Licemi Augusto, “Si nasce, si pasce, si muore”

Edito da Cooperativa Tipografica Editrice Paolo Galeati, Imola, 1972, 52 p.

PREFAZIONE
Quando il compagno Augusto Licemi mi ha chiesto una prefazione per questo suo Bozzetto in un atto, da lui dedi­cato « a chi sa intendere e a chi ha la pazienza e la capacità di riflettere sulle cose che in esso (con molta modestia) si dicono », ho accettato con animo grato l’invito. Tuttavia, questa introduzione al lavoro di Augusto Licemi preferisco venga considerata come un avvertimento al lettore, piut­tosto ch’essere presentata col nome pomposo di prefazione, intendendo con ciò che il lettore giudichi da sè in modo consapevole e adulto.
Quelle che l’autore presenta al lettore non sono pagine scritte da un esperto che pontifica dalla cattedra erudite sen­tenze, ma vogliono essere un documento diretto, che interes­serà anziani e giovani, con tutta la sua carica di tragedia, re­datto da un uomo semplice, un artigiano pieno di umanità, un anarchico il cui lavoro è vero ed attuale.
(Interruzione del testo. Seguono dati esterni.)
lemma Ck_on_cong:
  assumes "open S" "\<And>x. x \<in> S \<Longrightarrow> f x = g x" "Ck_on k S f"
  shows "Ck_on k S g"
  using assms(2,3)
proof (induction k arbitrary: f g)
  case 0
  then show ?case using continuous_on_cong by force
next
  case (Suc k)
  then have "f differentiable_on S" and Ck: "\<And>b. b \<in> Basis \<Longrightarrow> Ck_on k S (dirderiv f b)"
    by auto
  have "g differentiable_on S"
    unfolding differentiable_on_def
  proof
    fix x
    assume "x \<in> S"
    with \<open>f differentiable_on S\<close> show "g differentiable (at x within S)"
      using differentiable_transform_within[OF _ zero_less_one] Suc.prems(1)
      unfolding differentiable_on_def by blast
  qed
  moreover have "Ck_on k S (dirderiv g b)" if "b \<in> Basis" for b
    by (rule Suc.IH[OF _ Ck[OF that]]) (rule dirderiv_cong_open[OF assms(1) _ Suc.prems(1)])
  ultimately show ?case
    by simp
qed

lemma Ck_on_vec_nth:
  fixes f :: "'a::euclidean_space \<Rightarrow> real^'m"
  assumes "open S" "Ck_on k S f"
  shows "Ck_on k S (\<lambda>x. f x $ l)"
  using assms(2)
proof (induction k arbitrary: f)
  case 0
  then show ?case by (auto intro: continuous_intros)
next
  case (Suc k)
  then have diff: "f differentiable_on S"
    and IH: "\<And>b. b \<in> Basis \<Longrightarrow> Ck_on k S (\<lambda>p. dirderiv f b p $ l)"
    by auto
  have "dirderiv f b p $ l = dirderiv (\<lambda>x. f x $ l) b p" if "p \<in> S" for b p
    using diff that dirderiv_vec_nth differentiable_on_eq_differentiable_at[OF assms(1)] by metis
  with IH diff show ?case
    by (auto intro: Ck_on_cong[OF assms(1), of "\<lambda>p. dirderiv f _ p $ l"] differentiable_vec_nth
        simp: differentiable_on_def)
qed
lemma quad_form_powr_le_of_segment:
  assumes fin: "finite I"
    and A: "\<forall>i\<in>I. \<forall>j\<in>I. 0 \<le> A i j" and R: "\<forall>i\<in>I. \<forall>j\<in>I. 0 \<le> R i j" and \<alpha>: "1 \<le> \<alpha>"
    and segment: "\<And>t. t \<in> {0..1} \<Longrightarrow>
      psd_on I (\<lambda>i j. (A i j - R i j) * (t * A i j + (1 - t) * R i j) powr (\<alpha> - 1))"
  shows "quad_form I (\<lambda>i j. R i j powr \<alpha>) x \<le> quad_form I (\<lambda>i j. A i j powr \<alpha>) x"
proof -
  \<comment> \<open>Integrate \<open>d/dt (t A + (1 - t) R)\<^sup>\<alpha> = \<alpha> (A - R) \<circ> (t A + (1 - t) R)\<^sup>\<alpha>\<^sup>-\<^sup>1\<close> entrywise.\<close>
  have int: "((\<lambda>t. \<Sum>i\<in>I. \<Sum>j\<in>I. x i * x j * (\<alpha> * (A i j - R i j) * (t * A i j + (1 - t) * R i j) powr (\<alpha> - 1)))
       has_integral (\<Sum>i\<in>I. \<Sum>j\<in>I. x i * x j * (A i j powr \<alpha> - R i j powr \<alpha>))) {0..1}"
    using A R by (intro has_integral_sum fin has_integral_mult_right has_integral_powr_segment \<alpha>) auto
  have "0 \<le> (\<Sum>i\<in>I. \<Sum>j\<in>I. x i * x j * (A i j powr \<alpha> - R i j powr \<alpha>))"
  proof (rule has_integral_nonneg[OF int])
    fix t :: real assume t: "t \<in> {0..1}"
    have "(\<Sum>i\<in>I. \<Sum>j\<in>I. x i * x j * (\<alpha> * (A i j - R i j) * (t * A i j + (1 - t) * R i j) powr (\<alpha> - 1)))
        = \<alpha> * quad_form I (\<lambda>i j. (A i j - R i j) * (t * A i j + (1 - t) * R i j) powr (\<alpha> - 1)) x"
      unfolding quad_form_def by (simp add: sum_distrib_left mult_ac)
    also have "0 \<le> \<dots>" using segment[OF t] \<alpha> unfolding psd_on_def by simp
    finally show "0 \<le> (\<Sum>i\<in>I. \<Sum>j\<in>I. x i * x j * (\<alpha> * (A i j - R i j) * (t * A i j + (1 - t) * R i j) powr (\<alpha> - 1)))" .
  qed
  also have "\<dots> = quad_form I (\<lambda>i j. A i j powr \<alpha>) x - quad_form I (\<lambda>i j. R i j powr \<alpha>) x"
    unfolding quad_form_def by (simp add: sum_subtractf algebra_simps)
  finally show ?thesis by simp
qed

lemma psd_on_powr_rank_one:
  assumes "\<forall>i\<in>I. 0 \<le> u i" "0 < c"
  shows "psd_on I (\<lambda>i j. (u i * u j * c) powr \<alpha>)"
proof -
  have "psd_on I (\<lambda>i j. u i powr \<alpha> * u j powr \<alpha> * c powr \<alpha>)"
    by (rule psd_on_rank_one) simp
  then show ?thesis
    using assms by (subst psd_on_cong[where B = "\<lambda>i j. u i powr \<alpha> * u j powr \<alpha> * c powr \<alpha>"])
      (simp_all add: powr_mult)
qed
(* Let $U$ be a reflexive separable Banach space, let $\xi\sim\mathcal N(0,\Sigma)$ be a centered $m$-dimensional Gaussian random vector with covariance matrix $\Sigma$, and let $g\colon U\times\mathbb R^m\to\mathbb R$ be locally Lipschitzian and jointly convex in both variables $(u,z)$. Let $\bar u\in U$ satisfy $g(\bar u,0)<0$ and assume that the set $M:=\{z\in\mathbb R^m\mid g(\bar u,z)\le 0\}$ is bounded. Let $\mathcal N(\bar u)$ be an open neighborhood of $\bar u$ such that $g(u,0)<0$ for all $u\in\mathcal N(\bar u)$. Then for each $v\in\mathbb S^{m-1}$ the function $u\mapsto -e(u,v)$ is Clarke regular on $\mathcal N(\bar u)$, where $e$ is the radial probability function defined below.
   Context: $\Sigma^{1/2}$ denotes a root of $\Sigma$. The radial probability function $e\colon U\times\mathbb S^{m-1}\to\mathbb R$ is $e(u,v):=\mu_\eta\{r\ge 0\mid g(u,r\Sigma^{1/2}v)\le 0\}$, where $\mu_\eta$ is the one-dimensional chi distribution with $m$ degrees of freedom and $\mathbb S^{m-1}$ is the unit sphere in $\mathbb R^m$. A locally Lipschitzian function is Clarke regular at a point if for every direction its ordinary directional derivative exists there and coincides with its Clarke generalized directional derivative; it is Clarke regular on a set if it is so at each point of the set. *)

theory Defs
  imports "HOL-Analysis.Analysis" "HOL-Probability.Probability"
begin

definition reflexive_space :: "'u::real_normed_vector itself \<Rightarrow> bool" where
  "reflexive_space _ \<longleftrightarrow>
     (\<forall>\<phi> :: ('u \<Rightarrow>\<^sub>L real) \<Rightarrow>\<^sub>L real. \<exists>u::'u. \<forall>f. blinfun_apply \<phi> f = blinfun_apply f u)"

definition separable_type :: "'u::metric_space itself \<Rightarrow> bool" where
  "separable_type _ \<longleftrightarrow> separable_space (euclidean :: 'u topology)"

definition locally_lipschitz_on :: "'a::metric_space set \<Rightarrow> ('a \<Rightarrow> 'b::metric_space) \<Rightarrow> bool" where
  "locally_lipschitz_on S f \<longleftrightarrow> (\<forall>x\<in>S. \<exists>e>0. \<exists>L. L-lipschitz_on (ball x e) f)"

definition covariance_matrix :: "real^'m^'m \<Rightarrow> bool" where
  "covariance_matrix S \<longleftrightarrow> transpose S = S \<and> (\<forall>x. 0 \<le> x \<bullet> (S *v x))"

definition chi_density :: "nat \<Rightarrow> real \<Rightarrow> real" where
  "chi_density k r = (if r \<ge> 0 then r ^ (k - 1) * exp (- (r\<^sup>2) / 2)
       / (2 powr (real k / 2 - 1) * Gamma (real k / 2)) else 0)"

definition chi_distribution :: "nat \<Rightarrow> real measure" where
  "chi_distribution k = density lborel (\<lambda>r. ennreal (chi_density k r))"

text \<open>Radial probability function e(u,v) = mu_eta{r>=0 | g(u, r Sigma^(1/2) v) <= 0}.\<close>
definition radial_prob ::
  "('u \<Rightarrow> real^'m \<Rightarrow> real) \<Rightarrow> real^'m^'m \<Rightarrow> 'u \<Rightarrow> real^'m \<Rightarrow> real" where
  "radial_prob g R u v =
     measure (chi_distribution CARD('m)) {r. r \<ge> 0 \<and> g u (r *\<^sub>R (R *v v)) \<le> 0}"

definition has_dir_deriv :: "('u::real_normed_vector \<Rightarrow> real) \<Rightarrow> 'u \<Rightarrow> 'u \<Rightarrow> real \<Rightarrow> bool" where
  "has_dir_deriv f x d D \<longleftrightarrow> ((\<lambda>t. (f (x + t *\<^sub>R d) - f x) / t) \<longlongrightarrow> D) (at_right 0)"

definition clarke_dir_deriv :: "('u::real_normed_vector \<Rightarrow> real) \<Rightarrow> 'u \<Rightarrow> 'u \<Rightarrow> ereal" where
  "clarke_dir_deriv f x d =
     Limsup (at (x, 0) within (UNIV \<times> {0<..}))
            (\<lambda>(y, t). ereal ((f (y + t *\<^sub>R d) - f y) / t))"

definition clarke_regular_at :: "('u::real_normed_vector \<Rightarrow> real) \<Rightarrow> 'u \<Rightarrow> bool" where
  "clarke_regular_at f x \<longleftrightarrow>
     locally_lipschitz_on {x} f \<and>
     (\<forall>d. \<exists>D. has_dir_deriv f x d D \<and> clarke_dir_deriv f x d = ereal D)"

definition clarke_regular_on :: "'u::real_normed_vector set \<Rightarrow> ('u \<Rightarrow> real) \<Rightarrow> bool" where
  "clarke_regular_on S f \<longleftrightarrow> (\<forall>x\<in>S. clarke_regular_at f x)"

end

theory Submission
  imports Defs
begin

(* Fix v and put w = R v. If w = 0, then e(., v) is constant on N. Otherwise joint convexity of g makes
   each ray set {r >= 0. g u (r w) <= 0} an interval [0, rho u], bounded because the sublevel set at ubar
   is bounded, and rho is concave on N; thus e(u, v) = F (rho u) for the chi distribution function F, and
   -e(., v) = phi o h with h = -rho convex and bounded above near each point of N and phi s = -F (-s)
   continuously differentiable and nondecreasing. Such a composition is Clarke regular: h is locally
   Lipschitz, its difference quotients decrease as t decreases, and the difference quotients of phi o h
   are phi' (h x) times those of h up to o(1) as (y, t) tends to (x, 0+). *)

section \<open>Difference quotients and Clarke regularity\<close>

abbreviation clarke_filter :: "'u::real_normed_vector \<Rightarrow> ('u \<times> real) filter" where
  "clarke_filter x \<equiv> at (x, 0) within UNIV \<times> {0<..}"

definition diff_quot :: "('u::real_normed_vector \<Rightarrow> real) \<Rightarrow> 'u \<Rightarrow> 'u \<times> real \<Rightarrow> real" where
  "diff_quot f d = (\<lambda>(y, t). (f (y + t *\<^sub>R d) - f y) / t)"

lemma diff_quot_Pair [simp]: "diff_quot f d (y, t) = (f (y + t *\<^sub>R d) - f y) / t"
  by (simp add: diff_quot_def)

lemma has_dir_deriv_iff_diff_quot:
  "has_dir_deriv f x d D \<longleftrightarrow> ((\<lambda>t. diff_quot f d (x, t)) \<longlongrightarrow> D) (at_right 0)"
  by (simp add: has_dir_deriv_def)

lemma clarke_dir_deriv_eq_Limsup:
  "clarke_dir_deriv f x d = Limsup (clarke_filter x) (\<lambda>p. ereal (diff_quot f d p))"
  by (simp add: clarke_dir_deriv_def diff_quot_def case_prod_unfold)

lemma eventually_clarke_filter_pos: "\<forall>\<^sub>F p in clarke_filter x. 0 < snd p"
  unfolding eventually_at_filter by (auto intro!: always_eventually)

lemma tendsto_fst_clarke_filter: "(fst \<longlongrightarrow> x) (clarke_filter x)"
  using tendsto_fst[OF tendsto_ident_at, of "(x, 0)"] by simp

lemma tendsto_snd_clarke_filter: "(snd \<longlongrightarrow> 0) (clarke_filter x)"
  using tendsto_snd[OF tendsto_ident_at, of "(x, 0)"] by simp

lemma tendsto_shift_clarke_filter: "((\<lambda>p. fst p + snd p *\<^sub>R d) \<longlongrightarrow> x) (clarke_filter x)"
  using tendsto_add[OF tendsto_fst_clarke_filter tendsto_scaleR[OF tendsto_snd_clarke_filter tendsto_const]]
  by simp

lemma filterlim_Pair_clarke_filter: "filterlim (Pair x) (clarke_filter x) (at_right 0)"
proof (rule filterlim_at_withinI)
  show "filterlim (Pair x) (nhds (x, 0)) (at_right 0)"
    by (intro tendsto_intros)
  show "\<forall>\<^sub>F t in at_right 0. (x, t) \<in> UNIV \<times> {0<..} - {(x, 0)}"
    by (simp add: eventually_at_filter)
qed

lemma Limsup_filter_mono: "F \<le> G \<Longrightarrow> Limsup F f \<le> Limsup G (f :: _ \<Rightarrow> ereal)"
  unfolding Limsup_def by (rule INF_superset_mono) (auto simp: le_filter_def)

lemma clarke_dir_deriv_ge:
  assumes "has_dir_deriv f x d D"
  shows "ereal D \<le> clarke_dir_deriv f x d"
proof -
  have "ereal D = Limsup (at_right 0) (\<lambda>t. ereal (diff_quot f d (x, t)))"
    using assms by (intro lim_imp_Limsup[symmetric] tendsto_ereal) (auto simp: has_dir_deriv_iff_diff_quot)
  also have "\<dots> \<le> Limsup (filtermap (Pair x) (at_right 0)) (\<lambda>p. ereal (diff_quot f d p))"
    by (rule Limsup_filtermap_ge)
  also have "\<dots> \<le> clarke_dir_deriv f x d"
    unfolding clarke_dir_deriv_eq_Limsup
    by (rule Limsup_filter_mono) (use filterlim_Pair_clarke_filter in \<open>simp add: filterlim_def\<close>)
  finally show ?thesis .
qed

lemma clarke_dir_deriv_le:
  assumes "\<And>e. e > 0 \<Longrightarrow> \<forall>\<^sub>F p in clarke_filter x. diff_quot f d p \<le> D + e"
  shows "clarke_dir_deriv f x d \<le> ereal D"
  unfolding clarke_dir_deriv_eq_Limsup
proof (rule ereal_le_epsilon2)
  fix e :: real assume "e > 0"
  then show "Limsup (clarke_filter x) (\<lambda>p. ereal (diff_quot f d p)) \<le> ereal D + ereal e"
    using assms by (intro Limsup_bounded) (auto elim!: eventually_mono)
qed

lemma clarke_regular_atI:
  assumes "locally_lipschitz_on {x} f"
    and "\<And>d. has_dir_deriv f x d (D d)"
    and "\<And>d e. e > 0 \<Longrightarrow> \<forall>\<^sub>F p in clarke_filter x. diff_quot f d p \<le> D d + e"
  shows "clarke_regular_at f x"
  unfolding clarke_regular_at_def
proof (intro conjI allI exI)
  fix d
  show "has_dir_deriv f x d (D d)" by (fact assms(2))
  show "clarke_dir_deriv f x d = ereal (D d)"
    using clarke_dir_deriv_ge[OF assms(2)] clarke_dir_deriv_le[OF assms(3)] by (rule order.antisym[rotated])
qed (fact assms(1))

lemma eventually_clarke_filter_ball:
  assumes "r > 0"
  shows "\<forall>\<^sub>F p in clarke_filter x. fst p \<in> ball x r \<and> fst p + snd p *\<^sub>R d \<in> ball x r \<and> 0 < snd p"
proof (intro eventually_conj eventually_clarke_filter_pos)
  show "\<forall>\<^sub>F p in clarke_filter x. fst p \<in> ball x r"
    using assms by (intro topological_tendstoD[OF tendsto_fst_clarke_filter]) auto
  show "\<forall>\<^sub>F p in clarke_filter x. fst p + snd p *\<^sub>R d \<in> ball x r"
    using assms by (intro topological_tendstoD[OF tendsto_shift_clarke_filter]) auto
qed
Stampare questo bozzetto in un momento in cui la lotta politica e sociale in Italia è aspramente combattuta e, nel mondo, ad una generale incoscienza fanno riscontro brutali carneficine, è atto meritorio, contributo serio ed efficace alla conoscenza delle iniziative capaci di porre un freno al dila­gare di una funesta inconsapevolezza, risponde con l’arma migliore della persuasione e della presa di coscienza ad una realtà cruda e profondamente umana. Augusto Licemi ci aveva già dato un saggio della sua bravura di drammaturgo con « LA RESURREZIONE DI CRISTO » — che mette a nudo i fatti della vita e della mi­seria ambientati in una povera casa, in un contrasto patetico tra illusioni, miti e superstizioni e la realtà, l’indigenza e la fame — e « IN CASERMA », pubblicato il primo dalla “Collana Anteo” nel 1962, « GIULIA », « IL FIGLIO DEL MORTO » e, continuando con profitto e serietà d’in­tenti in quel genere, ci offre oggi « SI NASCE, SI PASCE, SI MUORE », scritto con chiara spregiudicatezza, degna di un uomo libero, con il quale mette in luce alcuni dei dram­matici aspetti della vita odierna.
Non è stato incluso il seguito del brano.